At times, you may want to exclude rows where two joining datasets having matching values, only keeping the rows that did not match for a particular dataset. In this case, we’ll be interested in keeping the rows from the dataset on the left where they did not match with the dataset on the right. This is called an anti-join, and the way to carry this out in Chartio is in the Data Pipeline.
In the following example, using the Chartio Demo Source, we have created a custom column including eight cities we would like to exclude from our results. Our anti-join example we’ll be carried out in 5 steps.
- Add the column with the results you would like to exclude in your first dataset. You will need to add the same column twice as we’ll be using the second column as a way to filter after joining these two datasets.

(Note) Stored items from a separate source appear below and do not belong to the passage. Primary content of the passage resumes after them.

lemma prob_success_after_failures:
  "prob {w \<in> space M. ennreal \<beta> \<le> SIR \<alpha> d X Ind G H (D+1) w \<and>
                      (\<forall>t\<in>{1..D}. \<not> ennreal \<beta> \<le> SIR \<alpha> d X Ind G H t w)}
     = (\<integral>\<phi>. (1 - fail_prob \<alpha> \<beta> d \<phi>) * fail_prob \<alpha> \<beta> d \<phi> ^ D \<partial>point_law)"
proof -
  define R where "R t \<phi> z \<longleftrightarrow> (if t = D + 1 then slot_success \<alpha> \<beta> d \<phi> (fst z)
    else \<not> slot_success \<alpha> \<beta> d \<phi> (fst z))" for t \<phi> and z :: "(rv_idx \<Rightarrow> real) \<times> bool"
  define g where "g t = (if t = D + 1 then (\<lambda>\<phi>. 1 - fail_prob \<alpha> \<beta> d \<phi>) else fail_prob \<alpha> \<beta> d)" for t
  have prob_R: "prob {w \<in> space M. \<forall>t\<in>{1..D+1}. R t (points w) (slot_data t w)}
      = (\<integral>\<phi>. (\<Prod>t\<in>{1..D+1}. g t \<phi>) \<partial>point_law)"
  proof (rule prob_all_slots(2))
    show "Measurable.pred (conf_space \<Otimes>\<^sub>M slot_space) (\<lambda>x. R t (fst x) (snd x))" for t
      using pred_slot_outcome(1,2) by (cases "t = D + 1") (simp_all add: R_def)
    show "emeasure (slot_law t) {z \<in> space slot_space. R t \<phi> z} = ennreal (g t \<phi>)"
      if "\<phi> \<in> space conf_space" for t \<phi>
      using law_slot_outcomes[OF that] by (cases "t = D + 1") (simp_all add: R_def g_def)
    show "g t \<in> borel_measurable conf_space" for t
      using fail_prob_meas by (cases "t = D + 1") (simp_all add: g_def)
    show "0 \<le> g t \<phi>" for t \<phi>
      using fail_prob_range by (cases "t = D + 1") (simp_all add: g_def)
  qed simp
  have prod_g: "(\<Prod>t\<in>{1..D+1}. g t \<phi>) = (1 - fail_prob \<alpha> \<beta> d \<phi>) * fail_prob \<alpha> \<beta> d \<phi> ^ D" for \<phi>
  proof -
    have "{1..D+1} = insert (D+1) {1..D}" by auto
    then have "(\<Prod>t\<in>{1..D+1}. g t \<phi>) = g (D+1) \<phi> * (\<Prod>t\<in>{1..D}. g t \<phi>)" by simp
    also have "(\<Prod>t\<in>{1..D}. g t \<phi>) = (\<Prod>t\<in>{1..D}. fail_prob \<alpha> \<beta> d \<phi>)"
      by (intro prod.cong) (auto simp: g_def)
    finally show ?thesis by (simp add: g_def)
  qed
  have events_R: "{w \<in> space M. ennreal \<beta> \<le> SIR \<alpha> d X Ind G H (D+1) w \<and>
                      (\<forall>t\<in>{1..D}. \<not> ennreal \<beta> \<le> SIR \<alpha> d X Ind G H t w)}
      = {w \<in> space M. \<forall>t\<in>{1..D+1}. R t (points w) (slot_data t w)}"
    by (auto simp: R_def SIR_success_iff)
  show ?thesis unfolding events_R prob_R by (simp only: prod_g)
qed

lemma prob_delivery:
  assumes "0 \<le> p" "p \<le> 1"
  shows "prob {w \<in> space M. \<exists>t\<in>{1..D+1}. A t w \<and> ennreal \<beta> \<le> SIR \<alpha> d X Ind G H t w}
       = 1 - (\<integral>\<phi>. (1 - p + p * fail_prob \<alpha> \<beta> d \<phi>) ^ (D+1) \<partial>point_law)"
proof -
  define R where "R t \<phi> z \<longleftrightarrow> \<not> (snd z \<and> slot_success \<alpha> \<beta> d \<phi> (fst z))"
    for t :: nat and \<phi> and z :: "(rv_idx \<Rightarrow> real) \<times> bool"
  define g where "g t \<phi> = 1 - p + p * fail_prob \<alpha> \<beta> d \<phi>" for t :: nat and \<phi>
  define C where "C = {w \<in> space M. \<forall>t\<in>{1..D+1}. R t (points w) (slot_data t w)}"
  have pred: "Measurable.pred (conf_space \<Otimes>\<^sub>M slot_space) (\<lambda>x. R t (fst x) (snd x))" for t
    unfolding R_def by (rule pred_slot_outcome(3))
  have law: "emeasure (slot_law t) {z \<in> space slot_space. R t \<phi> z} = ennreal (g t \<phi>)"
    if "\<phi> \<in> space conf_space" for t \<phi>
    unfolding R_def g_def by (rule law_slot_outcomes(3)[OF that assms])
  have meas: "g t \<in> borel_measurable conf_space" for t
    unfolding g_def using fail_prob_meas by measurable
  have nonneg: "0 \<le> g t \<phi>" for t \<phi>
    unfolding g_def using affine_unit_range(1)[OF assms] fail_prob_range by simp
  have C: "C \<in> events" "prob C = (\<integral>\<phi>. (\<Prod>t\<in>{1..D+1}. g t \<phi>) \<partial>point_law)"
    unfolding C_def using prob_all_slots[of "{1..D+1}" R g, OF finite_atLeastAtMost pred law meas nonneg] by auto
  have "{w \<in> space M. \<exists>t\<in>{1..D+1}. A t w \<and> ennreal \<beta> \<le> SIR \<alpha> d X Ind G H t w} = space M - C"
    by (auto simp: C_def R_def SIR_success_iff slot_data_def)
  then show ?thesis using prob_compl[OF C(1)] C(2) by (simp add: g_def)
qed

end


text \<open>Insert the four moment representations into the analytic bound, applied to
  \<open>Q = fail_prob \<alpha> \<beta> d\<close> on the law of \<open>\<Phi>\<close>.  The bound holds for every choice of the
  path-loss exponent, threshold, distance and intensity.\<close>

theorem proposition4:
  fixes M :: "'a measure" and \<alpha> \<beta> d p lam :: real and D :: nat
    and X :: "nat \<Rightarrow> 'a \<Rightarrow> real \<times> real"
    and Ind :: "nat \<Rightarrow> nat \<Rightarrow> 'a \<Rightarrow> bool" and G :: "nat \<Rightarrow> nat \<Rightarrow> 'a \<Rightarrow> real"
    and H :: "nat \<Rightarrow> 'a \<Rightarrow> real" and A :: "nat \<Rightarrow> 'a \<Rightarrow> bool"
  assumes "\<alpha> > 2" and "\<beta> > 0" and "d > 0" and "0 < p" and "p \<le> 1" and "lam > 0"
    and model: "single_hop_model M lam p X Ind G H A"
  defines "ok \<equiv> \<lambda>t w. SIR \<alpha> d X Ind G H t w \<ge> ennreal \<beta>"
  defines "q \<equiv> measure M {w \<in> space M. \<not> ok 1 w}"
  defines "Ps \<equiv> measure M {w \<in> space M. \<exists>t\<in>{1..D+1}. A t w \<and> ok t w}"
  defines "cond \<equiv> measure M {w \<in> space M. ok (D+1) w \<and> (\<forall>t\<in>{1..D}. \<not> ok t w)}
                   / measure M {w \<in> space M. \<forall>t\<in>{1..D}. \<not> ok t w}"
  shows "Ps \<ge> cond * (1 - (p * q + 1 - p) ^ (D + 1)) / (1 - q)"
proof -
  have "prob_space M"
    using model unfolding single_hop_model_def by (rule conjunct1)
  then interpret single_hop M lam p X Ind G H A
    using model by (intro single_hop.intro single_hop_axioms.intro)
  interpret Phi: prob_space point_law by (rule prob_space_distr) simp
  let ?Q = "fail_prob \<alpha> \<beta> d"
  have Q_meas: "?Q \<in> borel_measurable point_law"
    using fail_prob_meas by simp
  have q: "q = (\<integral>\<phi>. ?Q \<phi> \<partial>point_law)"
    using prob_fail_slots[of "{1}"] unfolding q_def ok_def by simp
  have denominator: "measure M {w \<in> space M. \<forall>t\<in>{1..D}. \<not> ok t w} = (\<integral>\<phi>. ?Q \<phi> ^ D \<partial>point_law)"
    using prob_fail_slots[of "{1..D}"] unfolding ok_def by simp
  have numerator: "measure M {w \<in> space M. ok (D+1) w \<and> (\<forall>t\<in>{1..D}. \<not> ok t w)}
      = (\<integral>\<phi>. (1 - ?Q \<phi>) * ?Q \<phi> ^ D \<partial>point_law)"
    using prob_success_after_failures unfolding ok_def .
  have delivery: "Ps = 1 - (\<integral>\<phi>. (1 - p + p * ?Q \<phi>) ^ (D+1) \<partial>point_law)"
    using prob_delivery[of D] \<open>0 < p\<close> \<open>p \<le> 1\<close> unfolding Ps_def ok_def by simp
  show ?thesis
    unfolding cond_def numerator denominator q delivery
    by (rule Phi.retransmission_moment_bound[OF Q_meas fail_prob_range \<open>0 < p\<close> \<open>p \<le> 1\<close>])
qed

- Add a second dataset with the column you would like filtered, where we’ll only include those rows that do not match with the city values from the dataset in step 1. We’ll also need to add this column twice in the second dataset.
- Next, we’ll select an Outer Join, joining on the first column. This is where pulling in the same column twice will help us see where we have a match with the other dataset. In our output, it is the second column that includes the results you’re looking to exclude.
- Add a Filter Pipeline step to exclude any rows with results in the second column. Here, we will exclude any rows where the result “is not null” in our column ‘City_2’. 5. You can now hide the columns ‘City_2’ and ‘City_2:1’ in the data pipeline to only keep your ‘City_1’ column.
We now have successfully removed the cities in the custom column and have 1,205 rows instead of 1,213 rows!